*** Begin section ***

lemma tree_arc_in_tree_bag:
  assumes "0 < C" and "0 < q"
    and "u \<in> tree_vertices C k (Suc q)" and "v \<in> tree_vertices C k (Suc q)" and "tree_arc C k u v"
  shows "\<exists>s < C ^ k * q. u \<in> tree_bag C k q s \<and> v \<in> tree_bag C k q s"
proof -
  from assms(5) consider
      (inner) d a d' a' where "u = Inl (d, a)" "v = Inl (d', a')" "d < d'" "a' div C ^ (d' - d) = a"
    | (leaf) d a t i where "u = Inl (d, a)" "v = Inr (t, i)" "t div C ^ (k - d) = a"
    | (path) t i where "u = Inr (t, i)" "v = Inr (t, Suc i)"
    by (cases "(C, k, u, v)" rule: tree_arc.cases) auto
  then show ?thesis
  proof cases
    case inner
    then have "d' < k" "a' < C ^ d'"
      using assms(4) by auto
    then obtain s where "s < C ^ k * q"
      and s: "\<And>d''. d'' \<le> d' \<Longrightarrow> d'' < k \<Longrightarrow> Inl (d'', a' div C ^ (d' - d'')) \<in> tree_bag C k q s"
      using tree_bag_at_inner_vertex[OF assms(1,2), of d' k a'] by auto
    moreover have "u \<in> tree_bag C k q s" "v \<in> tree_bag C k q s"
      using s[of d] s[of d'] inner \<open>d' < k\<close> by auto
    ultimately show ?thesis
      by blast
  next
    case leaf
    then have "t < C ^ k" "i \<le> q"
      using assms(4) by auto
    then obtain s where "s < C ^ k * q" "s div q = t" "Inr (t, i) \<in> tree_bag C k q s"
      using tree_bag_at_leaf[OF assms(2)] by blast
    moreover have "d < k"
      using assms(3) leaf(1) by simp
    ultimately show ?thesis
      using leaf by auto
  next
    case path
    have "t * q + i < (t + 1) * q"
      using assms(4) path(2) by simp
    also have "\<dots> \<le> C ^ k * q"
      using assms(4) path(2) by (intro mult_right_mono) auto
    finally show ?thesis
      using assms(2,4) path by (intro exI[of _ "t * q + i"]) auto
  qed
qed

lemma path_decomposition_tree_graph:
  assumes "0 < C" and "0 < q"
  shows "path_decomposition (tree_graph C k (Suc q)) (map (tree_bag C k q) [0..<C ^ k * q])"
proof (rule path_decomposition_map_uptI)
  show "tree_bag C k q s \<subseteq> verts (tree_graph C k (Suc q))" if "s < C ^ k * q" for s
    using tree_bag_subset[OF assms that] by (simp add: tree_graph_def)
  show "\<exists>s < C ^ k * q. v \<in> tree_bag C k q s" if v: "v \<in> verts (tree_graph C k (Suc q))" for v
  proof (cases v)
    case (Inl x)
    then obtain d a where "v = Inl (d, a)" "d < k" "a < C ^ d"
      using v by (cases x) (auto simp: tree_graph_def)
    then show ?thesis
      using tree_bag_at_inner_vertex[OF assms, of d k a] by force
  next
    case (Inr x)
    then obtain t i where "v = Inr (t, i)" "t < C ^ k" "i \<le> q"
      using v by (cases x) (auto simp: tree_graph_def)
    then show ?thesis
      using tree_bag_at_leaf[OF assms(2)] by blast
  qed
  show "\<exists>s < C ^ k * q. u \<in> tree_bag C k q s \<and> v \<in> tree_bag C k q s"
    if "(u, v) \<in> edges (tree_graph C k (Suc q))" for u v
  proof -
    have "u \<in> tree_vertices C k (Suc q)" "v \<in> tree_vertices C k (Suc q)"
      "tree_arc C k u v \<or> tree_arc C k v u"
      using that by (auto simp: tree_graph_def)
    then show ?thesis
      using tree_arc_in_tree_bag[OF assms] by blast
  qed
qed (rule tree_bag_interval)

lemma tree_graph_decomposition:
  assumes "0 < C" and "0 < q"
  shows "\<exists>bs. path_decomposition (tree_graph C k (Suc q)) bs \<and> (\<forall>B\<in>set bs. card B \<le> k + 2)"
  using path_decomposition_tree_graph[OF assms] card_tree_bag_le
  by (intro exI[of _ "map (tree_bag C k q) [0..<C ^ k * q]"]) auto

*** End section ***
*** Begin section ***

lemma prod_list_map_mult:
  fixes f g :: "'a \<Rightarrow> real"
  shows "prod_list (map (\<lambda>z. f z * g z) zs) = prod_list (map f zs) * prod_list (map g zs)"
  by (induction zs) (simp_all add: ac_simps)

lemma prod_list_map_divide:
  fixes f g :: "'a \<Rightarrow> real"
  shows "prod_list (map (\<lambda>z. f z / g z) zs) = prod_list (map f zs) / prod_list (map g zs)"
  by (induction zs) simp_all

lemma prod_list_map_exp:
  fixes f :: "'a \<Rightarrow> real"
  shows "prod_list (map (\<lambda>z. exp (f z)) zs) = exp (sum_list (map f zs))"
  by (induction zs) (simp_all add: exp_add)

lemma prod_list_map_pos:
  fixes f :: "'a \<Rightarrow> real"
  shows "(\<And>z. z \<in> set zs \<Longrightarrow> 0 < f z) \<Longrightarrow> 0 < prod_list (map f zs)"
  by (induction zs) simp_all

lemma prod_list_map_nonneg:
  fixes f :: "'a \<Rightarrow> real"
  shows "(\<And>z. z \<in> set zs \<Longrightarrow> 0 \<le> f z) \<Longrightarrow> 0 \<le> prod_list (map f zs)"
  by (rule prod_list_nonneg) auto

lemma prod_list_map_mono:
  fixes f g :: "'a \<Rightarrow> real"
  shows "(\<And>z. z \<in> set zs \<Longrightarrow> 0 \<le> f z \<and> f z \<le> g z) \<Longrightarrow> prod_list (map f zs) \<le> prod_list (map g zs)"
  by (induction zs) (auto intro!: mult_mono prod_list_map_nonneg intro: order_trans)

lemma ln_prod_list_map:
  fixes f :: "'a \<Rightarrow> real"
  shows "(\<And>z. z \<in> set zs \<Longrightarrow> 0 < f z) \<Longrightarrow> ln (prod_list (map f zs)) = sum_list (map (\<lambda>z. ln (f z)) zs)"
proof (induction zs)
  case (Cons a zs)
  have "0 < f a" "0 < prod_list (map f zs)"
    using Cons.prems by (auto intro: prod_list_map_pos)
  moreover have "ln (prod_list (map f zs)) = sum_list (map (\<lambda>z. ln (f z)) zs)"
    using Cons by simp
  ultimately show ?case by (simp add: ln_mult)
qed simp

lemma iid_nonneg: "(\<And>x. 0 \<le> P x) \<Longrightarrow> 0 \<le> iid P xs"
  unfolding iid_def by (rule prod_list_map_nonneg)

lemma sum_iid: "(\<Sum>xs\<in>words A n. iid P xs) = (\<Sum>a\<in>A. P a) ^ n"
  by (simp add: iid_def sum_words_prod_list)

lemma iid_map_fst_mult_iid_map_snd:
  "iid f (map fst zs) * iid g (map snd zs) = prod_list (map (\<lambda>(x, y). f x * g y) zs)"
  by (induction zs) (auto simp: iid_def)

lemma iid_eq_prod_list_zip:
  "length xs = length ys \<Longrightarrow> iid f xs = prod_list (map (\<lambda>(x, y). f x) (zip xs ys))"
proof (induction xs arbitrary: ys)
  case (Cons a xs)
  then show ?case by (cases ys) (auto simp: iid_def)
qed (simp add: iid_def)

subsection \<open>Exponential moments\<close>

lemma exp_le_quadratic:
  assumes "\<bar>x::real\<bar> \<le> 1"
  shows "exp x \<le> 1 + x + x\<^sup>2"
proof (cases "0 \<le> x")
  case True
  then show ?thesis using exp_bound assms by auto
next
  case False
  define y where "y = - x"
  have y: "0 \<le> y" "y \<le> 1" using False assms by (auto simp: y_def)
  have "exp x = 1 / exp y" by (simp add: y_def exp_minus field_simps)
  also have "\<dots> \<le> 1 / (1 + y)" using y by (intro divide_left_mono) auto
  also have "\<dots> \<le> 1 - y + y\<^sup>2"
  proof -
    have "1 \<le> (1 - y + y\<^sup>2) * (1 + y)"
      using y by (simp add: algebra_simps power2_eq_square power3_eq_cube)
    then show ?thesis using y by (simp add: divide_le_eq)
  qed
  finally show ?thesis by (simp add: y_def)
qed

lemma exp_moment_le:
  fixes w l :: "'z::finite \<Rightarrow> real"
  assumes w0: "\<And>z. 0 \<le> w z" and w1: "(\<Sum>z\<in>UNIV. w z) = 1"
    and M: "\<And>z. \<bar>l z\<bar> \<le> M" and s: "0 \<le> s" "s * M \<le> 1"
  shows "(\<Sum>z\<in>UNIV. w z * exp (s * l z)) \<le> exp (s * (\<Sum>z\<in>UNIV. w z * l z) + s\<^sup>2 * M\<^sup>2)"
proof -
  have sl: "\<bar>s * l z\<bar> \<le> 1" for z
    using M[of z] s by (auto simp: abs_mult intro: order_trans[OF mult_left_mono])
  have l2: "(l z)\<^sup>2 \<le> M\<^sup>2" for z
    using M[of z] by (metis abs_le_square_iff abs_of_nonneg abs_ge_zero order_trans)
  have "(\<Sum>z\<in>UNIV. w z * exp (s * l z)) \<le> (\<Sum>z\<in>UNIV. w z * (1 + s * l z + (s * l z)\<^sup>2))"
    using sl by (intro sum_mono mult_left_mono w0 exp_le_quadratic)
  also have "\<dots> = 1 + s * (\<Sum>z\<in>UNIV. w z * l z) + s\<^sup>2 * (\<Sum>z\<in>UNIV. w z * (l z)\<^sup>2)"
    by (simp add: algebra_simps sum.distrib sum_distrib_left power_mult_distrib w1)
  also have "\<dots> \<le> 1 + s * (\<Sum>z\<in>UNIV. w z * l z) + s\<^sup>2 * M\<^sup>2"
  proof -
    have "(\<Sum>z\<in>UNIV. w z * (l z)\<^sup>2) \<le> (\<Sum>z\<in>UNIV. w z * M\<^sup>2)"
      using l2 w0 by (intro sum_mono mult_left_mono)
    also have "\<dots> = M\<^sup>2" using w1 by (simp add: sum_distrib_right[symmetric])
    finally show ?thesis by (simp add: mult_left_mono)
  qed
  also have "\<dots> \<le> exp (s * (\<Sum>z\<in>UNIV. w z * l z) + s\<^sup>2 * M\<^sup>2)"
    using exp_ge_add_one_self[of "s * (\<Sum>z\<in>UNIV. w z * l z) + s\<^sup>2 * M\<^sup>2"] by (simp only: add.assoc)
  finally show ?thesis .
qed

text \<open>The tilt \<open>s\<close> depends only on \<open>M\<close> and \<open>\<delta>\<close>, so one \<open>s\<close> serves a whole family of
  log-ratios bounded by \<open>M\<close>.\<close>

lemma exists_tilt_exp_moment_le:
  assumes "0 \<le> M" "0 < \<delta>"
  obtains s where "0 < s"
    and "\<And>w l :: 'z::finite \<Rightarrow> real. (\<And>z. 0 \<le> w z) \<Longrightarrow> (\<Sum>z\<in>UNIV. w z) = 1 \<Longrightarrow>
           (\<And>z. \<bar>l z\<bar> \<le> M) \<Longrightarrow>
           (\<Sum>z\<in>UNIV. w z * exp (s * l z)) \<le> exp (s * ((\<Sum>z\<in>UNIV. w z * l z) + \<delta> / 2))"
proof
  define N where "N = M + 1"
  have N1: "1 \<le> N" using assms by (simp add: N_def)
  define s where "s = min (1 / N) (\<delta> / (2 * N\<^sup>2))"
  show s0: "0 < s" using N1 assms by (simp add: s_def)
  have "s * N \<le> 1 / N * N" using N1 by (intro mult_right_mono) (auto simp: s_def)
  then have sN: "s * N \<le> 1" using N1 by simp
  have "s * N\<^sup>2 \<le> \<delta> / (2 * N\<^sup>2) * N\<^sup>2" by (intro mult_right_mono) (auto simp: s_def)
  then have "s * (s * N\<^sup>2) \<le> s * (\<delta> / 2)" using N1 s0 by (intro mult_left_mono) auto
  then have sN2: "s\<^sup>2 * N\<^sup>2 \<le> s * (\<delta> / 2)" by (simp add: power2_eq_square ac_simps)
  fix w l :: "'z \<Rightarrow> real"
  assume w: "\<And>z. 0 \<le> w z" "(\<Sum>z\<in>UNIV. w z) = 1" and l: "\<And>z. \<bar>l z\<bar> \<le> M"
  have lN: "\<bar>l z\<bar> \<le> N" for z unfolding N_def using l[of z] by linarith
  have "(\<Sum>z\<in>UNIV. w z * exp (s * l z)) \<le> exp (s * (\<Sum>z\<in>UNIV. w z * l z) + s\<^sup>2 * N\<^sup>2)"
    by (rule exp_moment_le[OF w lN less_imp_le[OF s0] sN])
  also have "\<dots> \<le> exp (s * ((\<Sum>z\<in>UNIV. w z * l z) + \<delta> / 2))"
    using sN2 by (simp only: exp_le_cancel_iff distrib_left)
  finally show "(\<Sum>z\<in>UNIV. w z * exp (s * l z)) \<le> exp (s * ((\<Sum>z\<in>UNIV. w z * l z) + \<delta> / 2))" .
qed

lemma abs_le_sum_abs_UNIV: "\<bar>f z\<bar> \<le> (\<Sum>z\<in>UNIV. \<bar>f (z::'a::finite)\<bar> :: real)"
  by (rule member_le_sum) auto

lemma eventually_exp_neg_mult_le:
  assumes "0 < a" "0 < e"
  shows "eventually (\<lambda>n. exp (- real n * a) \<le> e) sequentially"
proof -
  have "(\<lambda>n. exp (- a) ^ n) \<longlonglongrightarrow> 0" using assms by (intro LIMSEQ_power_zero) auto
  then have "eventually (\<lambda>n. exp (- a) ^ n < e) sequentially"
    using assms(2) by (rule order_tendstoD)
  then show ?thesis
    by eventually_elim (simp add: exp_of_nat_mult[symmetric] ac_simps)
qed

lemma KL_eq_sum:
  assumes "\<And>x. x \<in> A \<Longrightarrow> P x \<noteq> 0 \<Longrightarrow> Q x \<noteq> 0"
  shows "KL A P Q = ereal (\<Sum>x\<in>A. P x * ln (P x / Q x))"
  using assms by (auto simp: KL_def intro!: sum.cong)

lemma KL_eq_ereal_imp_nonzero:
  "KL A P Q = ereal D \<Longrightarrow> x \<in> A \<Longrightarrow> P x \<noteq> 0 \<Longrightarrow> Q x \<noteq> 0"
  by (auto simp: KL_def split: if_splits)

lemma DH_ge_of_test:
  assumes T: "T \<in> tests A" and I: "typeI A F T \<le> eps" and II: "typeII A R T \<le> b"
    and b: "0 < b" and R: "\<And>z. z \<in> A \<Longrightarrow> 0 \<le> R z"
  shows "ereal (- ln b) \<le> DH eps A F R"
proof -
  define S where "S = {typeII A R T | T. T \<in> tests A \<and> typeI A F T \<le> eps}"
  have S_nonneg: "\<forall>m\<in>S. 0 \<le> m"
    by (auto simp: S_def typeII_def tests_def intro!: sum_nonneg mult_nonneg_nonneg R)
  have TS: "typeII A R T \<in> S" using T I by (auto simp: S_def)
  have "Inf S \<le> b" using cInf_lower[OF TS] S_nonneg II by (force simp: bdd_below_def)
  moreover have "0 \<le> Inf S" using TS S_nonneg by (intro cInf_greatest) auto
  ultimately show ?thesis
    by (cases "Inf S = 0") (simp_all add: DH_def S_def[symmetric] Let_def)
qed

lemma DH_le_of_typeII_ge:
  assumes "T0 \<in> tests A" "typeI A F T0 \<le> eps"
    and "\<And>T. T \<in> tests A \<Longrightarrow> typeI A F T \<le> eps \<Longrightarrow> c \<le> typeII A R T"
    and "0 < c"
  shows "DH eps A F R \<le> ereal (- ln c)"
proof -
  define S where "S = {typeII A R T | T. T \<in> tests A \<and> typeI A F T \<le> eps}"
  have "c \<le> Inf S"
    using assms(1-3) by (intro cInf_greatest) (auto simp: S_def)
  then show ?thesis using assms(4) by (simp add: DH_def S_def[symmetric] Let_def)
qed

*** End section ***
*** Begin section ***

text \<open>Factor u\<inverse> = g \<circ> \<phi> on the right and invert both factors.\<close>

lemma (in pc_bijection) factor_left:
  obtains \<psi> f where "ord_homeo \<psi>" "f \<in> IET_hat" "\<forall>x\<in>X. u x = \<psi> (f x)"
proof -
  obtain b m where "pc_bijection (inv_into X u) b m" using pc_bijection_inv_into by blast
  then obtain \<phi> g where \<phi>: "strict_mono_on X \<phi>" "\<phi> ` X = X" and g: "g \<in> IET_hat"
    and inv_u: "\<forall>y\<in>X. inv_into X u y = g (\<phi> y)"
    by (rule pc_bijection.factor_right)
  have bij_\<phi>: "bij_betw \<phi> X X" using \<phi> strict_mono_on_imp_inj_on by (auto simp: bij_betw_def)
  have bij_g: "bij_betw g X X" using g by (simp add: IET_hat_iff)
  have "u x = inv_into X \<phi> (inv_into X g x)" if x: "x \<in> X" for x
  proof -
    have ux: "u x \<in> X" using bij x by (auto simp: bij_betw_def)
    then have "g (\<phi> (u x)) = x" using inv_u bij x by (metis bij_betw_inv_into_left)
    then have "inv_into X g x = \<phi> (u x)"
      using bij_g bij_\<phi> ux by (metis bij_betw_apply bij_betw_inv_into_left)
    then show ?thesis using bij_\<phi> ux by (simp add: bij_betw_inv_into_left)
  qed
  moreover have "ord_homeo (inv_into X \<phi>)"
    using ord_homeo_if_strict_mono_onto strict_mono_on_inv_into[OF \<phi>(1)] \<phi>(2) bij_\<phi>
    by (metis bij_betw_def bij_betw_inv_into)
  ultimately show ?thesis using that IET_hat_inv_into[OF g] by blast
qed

*** End section ***

** Directions for this task **
The required output is every line above that contains the string "noteq".

** Response to the task **
  assumes "\<And>x. x \<in> A \<Longrightarrow> P x \<noteq> 0 \<Longrightarrow> Q x \<noteq> 0"
  "KL A P Q = ereal D \<Longrightarrow> x \<in> A \<Longrightarrow> P x \<noteq> 0 \<Longrightarrow> Q x \<noteq> 0"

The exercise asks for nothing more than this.